PS. Perhaps you should expand your knowledge instead of fixating on European bad behavior. The ancient Persians freed the Jews from slavery by Arabs.
A History of Slavery

Chattel slavery did not exist in Africa (but existed in Rome , Greece, Spain, France, England) until the 17 and 18-19th centuries (boom of the slave trade, and fornation of the slave tates in Africa) and it was introduced by Europeans and Africans (mulattoes and blacks) participated to that trade .Bruce L Mouser papers about the slave trade in the Rio Pongo region are quite explicits, or CLR Boxer in his "Race Relations in the Portuguese Colonial Empire 1415-1825" describes how the portuguese governors of Angola organized the slave trade by arms :

"..The negroes loathed our rule and fervently desired to throw us out of that conquest; and only out of fear and respect for our arms did they allow the preaching of the gospel and the admission of our trade.." p 37

Or Sir Hugh Thomas:

” …Some slaves were stolen by Europeans ‘panyared’ as the english word was and some as ocurred often in Angola, were the victims of military campaigns mounted specifically by Portuguese proconsuls in order to capture slaves…”Hugh Thomas, The slave trade (1997) , page 792

Some of these Angolan prisoners of wars finished up in the US (1619 :1st African slaves in the USA) since the Portuguese slave boat was captured by English Corsairs and sold in the US ( see "White Cargo: The Forgotten History of Britain’s White Slaves in America by Don Jordan and Michael Walsh ( 2008)").
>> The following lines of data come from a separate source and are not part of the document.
(* Let $q$ be an odd prime power, let $\mathcal C$ be an irreducible conic of $\mathrm{PG}(2,q^2)$, let $\mathcal B$ be a Baer subplane of $\mathrm{PG}(2,q^2)$, and let $\mathcal E$ be the set of points of $\mathrm{PG}(2,q^2)$ external to $\mathcal C$. Then $|\mathcal E\cap\mathcal B|\geq\frac{q^2-3}{2}$.
   Context: A Baer subplane of $\mathrm{PG}(2,q^2)$ is a subplane of order $q$ (e.g. the canonically embedded $\mathrm{PG}(2,q)$). A point not on $\mathcal C$ is external to $\mathcal C$ if it lies on two tangent lines to $\mathcal C$. *)

theory Defs
  imports Complex_Main "HOL-Computational_Algebra.Primes"
begin

type_synonym 'a vec3 = "'a \<times> 'a \<times> 'a"

definition smul3 :: "'a::field \<Rightarrow> 'a vec3 \<Rightarrow> 'a vec3" where
  "smul3 c v = (case v of (x, y, z) \<Rightarrow> (c * x, c * y, c * z))"

definition dot3 :: "'a::field vec3 \<Rightarrow> 'a vec3 \<Rightarrow> 'a" where
  "dot3 u v = (case u of (a, b, c) \<Rightarrow> case v of (x, y, z) \<Rightarrow> a * x + b * y + c * z)"

definition pt :: "'a::field vec3 \<Rightarrow> 'a vec3 set" where
  "pt v = {smul3 c v | c. c \<noteq> 0}"

definition pg_points :: "'a::field vec3 set set" where
  "pg_points = {pt v | v. v \<noteq> (0, 0, 0)}"

definition pg_line :: "'a::field vec3 \<Rightarrow> 'a vec3 set set" where
  "pg_line l = {pt v | v. v \<noteq> (0, 0, 0) \<and> dot3 l v = 0}"

definition pg_lines :: "'a::field vec3 set set set" where
  "pg_lines = {pg_line l | l. l \<noteq> (0, 0, 0)}"

definition qform :: "'a::field \<times> 'a \<times> 'a \<times> 'a \<times> 'a \<times> 'a \<Rightarrow> 'a vec3 \<Rightarrow> 'a" where
  "qform k v = (case k of (a, b, c, d, e, f) \<Rightarrow> case v of (x, y, z) \<Rightarrow>
      a * x^2 + b * y^2 + c * z^2 + d * x * y + e * x * z + f * y * z)"

text \<open>Determinant of the (doubled) symmetric matrix of the form
  [[2a,d,e],[d,2b,f],[e,f,2c]]; in odd characteristic the conic is
  irreducible (non-degenerate) iff this is nonzero.\<close>

definition qdet :: "'a::field \<times> 'a \<times> 'a \<times> 'a \<times> 'a \<times> 'a \<Rightarrow> 'a" where
  "qdet k = (case k of (a, b, c, d, e, f) \<Rightarrow>
      2*a * (2*b * 2*c - f * f) - d * (d * 2*c - f * e) + e * (d * f - 2*b * e))"

definition irreducible_conic :: "'a::field vec3 set set \<Rightarrow> bool" where
  "irreducible_conic C \<longleftrightarrow>
     (\<exists>k. qdet k \<noteq> 0 \<and> C = {pt v | v. v \<noteq> (0, 0, 0) \<and> qform k v = 0})"

definition tangent_line :: "'a::field vec3 set set \<Rightarrow> 'a vec3 set set \<Rightarrow> bool" where
  "tangent_line C l \<longleftrightarrow> l \<in> pg_lines \<and> card (l \<inter> C) = 1"

definition external_points :: "'a::field vec3 set set \<Rightarrow> 'a vec3 set set" where
  "external_points C = {P \<in> pg_points. P \<notin> C \<and>
      card {l. tangent_line C l \<and> P \<in> l} = 2}"

definition subplane_of_order :: "nat \<Rightarrow> 'a::field vec3 set set \<Rightarrow> bool" where
  "subplane_of_order n B \<longleftrightarrow>
     B \<subseteq> pg_points \<and>
     (\<exists>Q \<subseteq> B. card Q = 4 \<and> (\<forall>l \<in> pg_lines. card (l \<inter> Q) \<le> 2)) \<and>
     (\<forall>l1 \<in> pg_lines. \<forall>l2 \<in> pg_lines. l1 \<noteq> l2 \<and> 2 \<le> card (l1 \<inter> B) \<and> 2 \<le> card (l2 \<inter> B)
         \<longrightarrow> l1 \<inter> l2 \<subseteq> B) \<and>
     (\<forall>l \<in> pg_lines. 2 \<le> card (l \<inter> B) \<longrightarrow> card (l \<inter> B) = n + 1)"

definition prime_power :: "nat \<Rightarrow> bool" where
  "prime_power q \<longleftrightarrow> (\<exists>p k. prime p \<and> 0 < k \<and> q = p ^ k)"

end

theory Submission
  imports Defs
begin

text \<open>Double count the incidences between the tangent lines of \<open>C\<close> and the points of \<open>B\<close>.
  A point of \<open>C\<close> lies on exactly one tangent and a point off \<open>C\<close> on none or two, so there are
  at most \<open>|C \<inter> B| + 2 |E \<inter> B|\<close> incidences. On the other hand \<open>C\<close> has at least \<open>q\<^sup>2 + 1\<close>
  tangents, and each of them meets \<open>B\<close>, because every line of the plane meets a subplane of
  order \<open>q\<close>. If \<open>C\<close> contains at least five points of \<open>B\<close>, Pascal's theorem applied to five of
  them shows that the tangent at each point of \<open>C \<inter> B\<close> is a line of \<open>B\<close> and so contains a second
  point of \<open>B\<close>. Either way \<open>2 |E \<inter> B| \<ge> q\<^sup>2 - 3\<close>.

  Points, lines and conics are treated in homogeneous coordinates; the tangents of \<open>C\<close> are the
  polar lines of its points.\<close>

section \<open>Vectors in dimension three\<close>

abbreviation zero3 :: "'a::zero vec3" where
  "zero3 \<equiv> (0, 0, 0)"

definition cross3 :: "'a::field vec3 \<Rightarrow> 'a vec3 \<Rightarrow> 'a vec3" where
  "cross3 u v = (case u of (a, b, c) \<Rightarrow> case v of (x, y, z) \<Rightarrow> (b*z - c*y, c*x - a*z, a*y - b*x))"

definition det3 :: "'a::field vec3 \<Rightarrow> 'a vec3 \<Rightarrow> 'a vec3 \<Rightarrow> 'a" where
  "det3 u v w = dot3 u (cross3 v w)"

definition lincomb2 :: "'a::field \<Rightarrow> 'a vec3 \<Rightarrow> 'a \<Rightarrow> 'a vec3 \<Rightarrow> 'a vec3" where
  "lincomb2 a u b v = (case u of (u1, u2, u3) \<Rightarrow> case v of (v1, v2, v3) \<Rightarrow>
     (a*u1 + b*v1, a*u2 + b*v2, a*u3 + b*v3))"

definition lincomb3 :: "'a::field vec3 \<Rightarrow> 'a vec3 \<Rightarrow> 'a vec3 \<Rightarrow> 'a vec3 \<Rightarrow> 'a vec3" where
  "lincomb3 u v w c = (case c of (x, y, z) \<Rightarrow> case u of (u1, u2, u3) \<Rightarrow> case v of (v1, v2, v3) \<Rightarrow>
     case w of (w1, w2, w3) \<Rightarrow> (x*u1 + y*v1 + z*w1, x*u2 + y*v2 + z*w2, x*u3 + y*v3 + z*w3))"

lemma smul3_simp [simp]: "smul3 c (x, y, z) = (c*x, c*y, c*z)"
  by (simp add: smul3_def)

lemma dot3_simp [simp]: "dot3 (a, b, c) (x, y, z) = a*x + b*y + c*z"
  by (simp add: dot3_def)

lemma cross3_simp [simp]: "cross3 (a, b, c) (x, y, z) = (b*z - c*y, c*x - a*z, a*y - b*x)"
  by (simp add: cross3_def)

lemma det3_simp [simp]:
  "det3 (a, b, c) (d, e, f) (x, y, z) = a*(e*z - f*y) + b*(f*x - d*z) + c*(d*y - e*x)"
  by (simp add: det3_def)

lemma lincomb2_simp [simp]:
  "lincomb2 r (a, b, c) s (x, y, z) = (r*a + s*x, r*b + s*y, r*c + s*z)"
  by (simp add: lincomb2_def)

lemma lincomb3_simp [simp]:
  "lincomb3 (a1, a2, a3) (b1, b2, b3) (c1, c2, c3) (x, y, z) =
     (x*a1 + y*b1 + z*c1, x*a2 + y*b2 + z*c2, x*a3 + y*b3 + z*c3)"
  by (simp add: lincomb3_def)

lemma smul3_eq_zero_iff [simp]: "smul3 c v = zero3 \<longleftrightarrow> c = 0 \<or> v = zero3"
  by (cases v) auto

lemma smul3_smul3 [simp]: "smul3 a (smul3 b v) = smul3 (a * b) v"
  by (cases v) simp

lemma smul3_one [simp]: "smul3 1 v = v"
  by (cases v) simp

lemma dot3_commute: "dot3 u v = dot3 v u"
  by (cases u; cases v) (simp add: algebra_simps)

lemma dot3_smul3 [simp]: "dot3 l (smul3 c v) = c * dot3 l v"
  by (cases l; cases v) (simp add: algebra_simps)

lemma dot3_smul3_left [simp]: "dot3 (smul3 c l) v = c * dot3 l v"
  by (cases l; cases v) (simp add: algebra_simps)

lemma dot3_lincomb2 [simp]: "dot3 l (lincomb2 a u b v) = a * dot3 l u + b * dot3 l v"
  by (cases l; cases u; cases v) (simp add: algebra_simps)

lemma dot3_zero_left [simp]: "dot3 zero3 v = 0"
  by (cases v) simp

lemma dot3_cross3: "dot3 (cross3 u v) w = det3 u v w"
  by (cases u; cases v; cases w) (simp add: algebra_simps)

lemma exists_dot3_nonzero:
  assumes "v \<noteq> zero3"
  obtains l :: "'a::field vec3" where "dot3 l v \<noteq> 0"
proof -
  obtain x y z where v: "v = (x, y, z)"
    by (cases v)
  with assms consider "x \<noteq> 0" | "y \<noteq> 0" | "z \<noteq> 0"
    by auto
  then show ?thesis
    using that[of "(1, 0, 0)"] that[of "(0, 1, 0)"] that[of "(0, 0, 1)"] by cases (simp_all add: v)
qed

lemma cross3_zero [simp]: "cross3 zero3 v = zero3" "cross3 v zero3 = zero3"
  by (cases v; simp)+

lemma cross3_self [simp]: "cross3 v v = zero3"
  by (cases v) (simp add: algebra_simps)

lemma cross3_smul3: "cross3 (smul3 a u) (smul3 b v) = smul3 (a * b) (cross3 u v)"
  by (cases u; cases v) (simp add: algebra_simps)

lemma cross3_smul3_self [simp]: "cross3 (smul3 c v) v = zero3" "cross3 v (smul3 c v) = zero3"
  by (cases v; simp add: algebra_simps)+

lemma cross3_swap_eq_zero: "cross3 v u = zero3 \<longleftrightarrow> cross3 u v = zero3"
  by (cases u; cases v) (auto simp: algebra_simps)

lemma cross3_cross3: "cross3 (cross3 u v) l = lincomb2 (dot3 l u) v (- dot3 l v) u"
  by (cases u; cases v; cases l) (simp add: algebra_simps)

lemma cross3_eq_zero_iff:
  assumes "u \<noteq> zero3"
  shows "cross3 u v = zero3 \<longleftrightarrow> (\<exists>c. v = smul3 c u)"
proof
  assume "cross3 u v = zero3"
  moreover obtain a b c where u: "u = (a, b, c)" by (cases u)
  moreover obtain x y z where v: "v = (x, y, z)" by (cases v)
  ultimately have e: "b*z = c*y" "c*x = a*z" "a*y = b*x" by auto
  consider "a \<noteq> 0" | "a = 0" "b \<noteq> 0" | "a = 0" "b = 0" "c \<noteq> 0"
    using assms u by auto
  then show "\<exists>c. v = smul3 c u"
  proof cases
    case 1
    then show ?thesis using e by (auto simp: u v field_simps intro!: exI[of _ "x/a"])
  next
    case 2
    then show ?thesis using e by (auto simp: u v field_simps intro!: exI[of _ "y/b"])
  next
    case 3
    then show ?thesis using e by (auto simp: u v field_simps intro!: exI[of _ "z/c"])
  qed
qed auto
So your "explicit" rendering of the slave trade (including Nals) is a general belief among neophytes but quite inaccurate. Now why focusing on European internal slave trade ? It was the model reproduced in the new world (Haiti, Santo Domingo, Cuba, PR, North America, Central America, South America etc) , initially by two nations who practised slavery ( whites, mulattoes, blacks) at home : Portuguese and Spanish.

Form of servitudes existed in Asia, Africa and in the New world among native indians, however they were not chattel slaves, had rights, married within the tribes and sometimes ended up of chief of the tribe ( see Roger Bastide). But the form of slavery introduced in the new world was exclusively an European thing.

Muslims enslaved millions of Europeans but they ended up as military chiefs (mamluks), vizier (like the vizier of solomon the turk, a greek slave), rulers etc.

The plantation slavery scheme of the new world was born in Greece and Rome, where you had a slave driver (vilicus), cruel punishments, slave jails ( ergastulus), slave codes ( romans slave codes see Buckland, Justinian code who influenced the siete partidas and the slave codes in spanish america, the wisigoths codes like the Lex Salica etc). A freed slave had to show respect to his former masters in European slaves codes, like in the spanish new world....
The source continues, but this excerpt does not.